About this exercise
After finding the line that contains "The endpoint cases" in the entries below, retype it and every following line precisely, the last included.
::: Data supplied :::
(* Let $Z$ be a real random variable with an $s$-concave distribution for some $s\in(-1/3,0]$, and let $M(Z)=\operatorname{ess\,sup}_{z\in\mathbb{R}}f_Z(z)$ where $f_Z$ is its Lebesgue density. Then $$\frac1{12}\le\mathrm{Var}(Z)M^2(Z)\le\frac{4(1+s)^3}{(1+3s)(1+2s)^2}.$$ The lower bound holds for every real random variable $Z$ with a Lebesgue density and finite variance (not necessarily $s$-concave).
   Context: For $s\in[-\infty,\infty]$, a function $f:\mathbb{R}\to[0,\infty]$ is $s$-concave if for all $x,y$ and $\theta\in[0,1]$, $f(\theta x+(1-\theta)y)\ge(\theta f^s(x)+(1-\theta)f^s(y))^{1/s}$, with the right-hand side interpreted as $f(x)^\theta f(y)^{1-\theta}$ for $s=0$ and $f(x)\wedge f(y)$ for $s=-\infty$. A real random variable has an $s$-concave distribution if it has an $s$-concave density with respect to Lebesgue measure on the affine hull of its support. *)

theory Defs
  imports "HOL-Probability.Probability"
begin

text \<open>The s-mean of two nonnegative reals with weight theta in (0,1), with the
  standard conventions: for s = 0 it is the geometric mean; for s < 0 it is 0
  as soon as one of the arguments is 0 (since 0 powr s = infinity there).\<close>
definition s_mean :: "real \<Rightarrow> real \<Rightarrow> real \<Rightarrow> real \<Rightarrow> real" where
  "s_mean s \<theta> a b =
     (if s = 0 then a powr \<theta> * b powr (1 - \<theta>)
      else if s < 0 \<and> (a = 0 \<or> b = 0) then 0
      else (\<theta> * a powr s + (1 - \<theta>) * b powr s) powr (1 / s))"

text \<open>s-concavity of a nonnegative function on the real line (real parameter s).
  The endpoint cases theta = 0, 1 are trivial and omitted.\<close>
definition s_concave :: "real \<Rightarrow> (real \<Rightarrow> real) \<Rightarrow> bool" where
  "s_concave s f \<longleftrightarrow> (\<forall>x. f x \<ge> 0) \<and>
     (\<forall>x y \<theta>. 0 < \<theta> \<and> \<theta> < 1 \<longrightarrow> f (\<theta> * x + (1 - \<theta>) * y) \<ge> s_mean s \<theta> (f x) (f y))"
:::
Expected output
  The endpoint cases theta = 0, 1 are trivial and omitted.\<close>
definition s_concave :: "real \<Rightarrow> (real \<Rightarrow> real) \<Rightarrow> bool" where
  "s_concave s f \<longleftrightarrow> (\<forall>x. f x \<ge> 0) \<and>
     (\<forall>x y \<theta>. 0 < \<theta> \<and> \<theta> < 1 \<longrightarrow> f (\<theta> * x + (1 - \<theta>) * y) \<ge> s_mean s \<theta> (f x) (f y))"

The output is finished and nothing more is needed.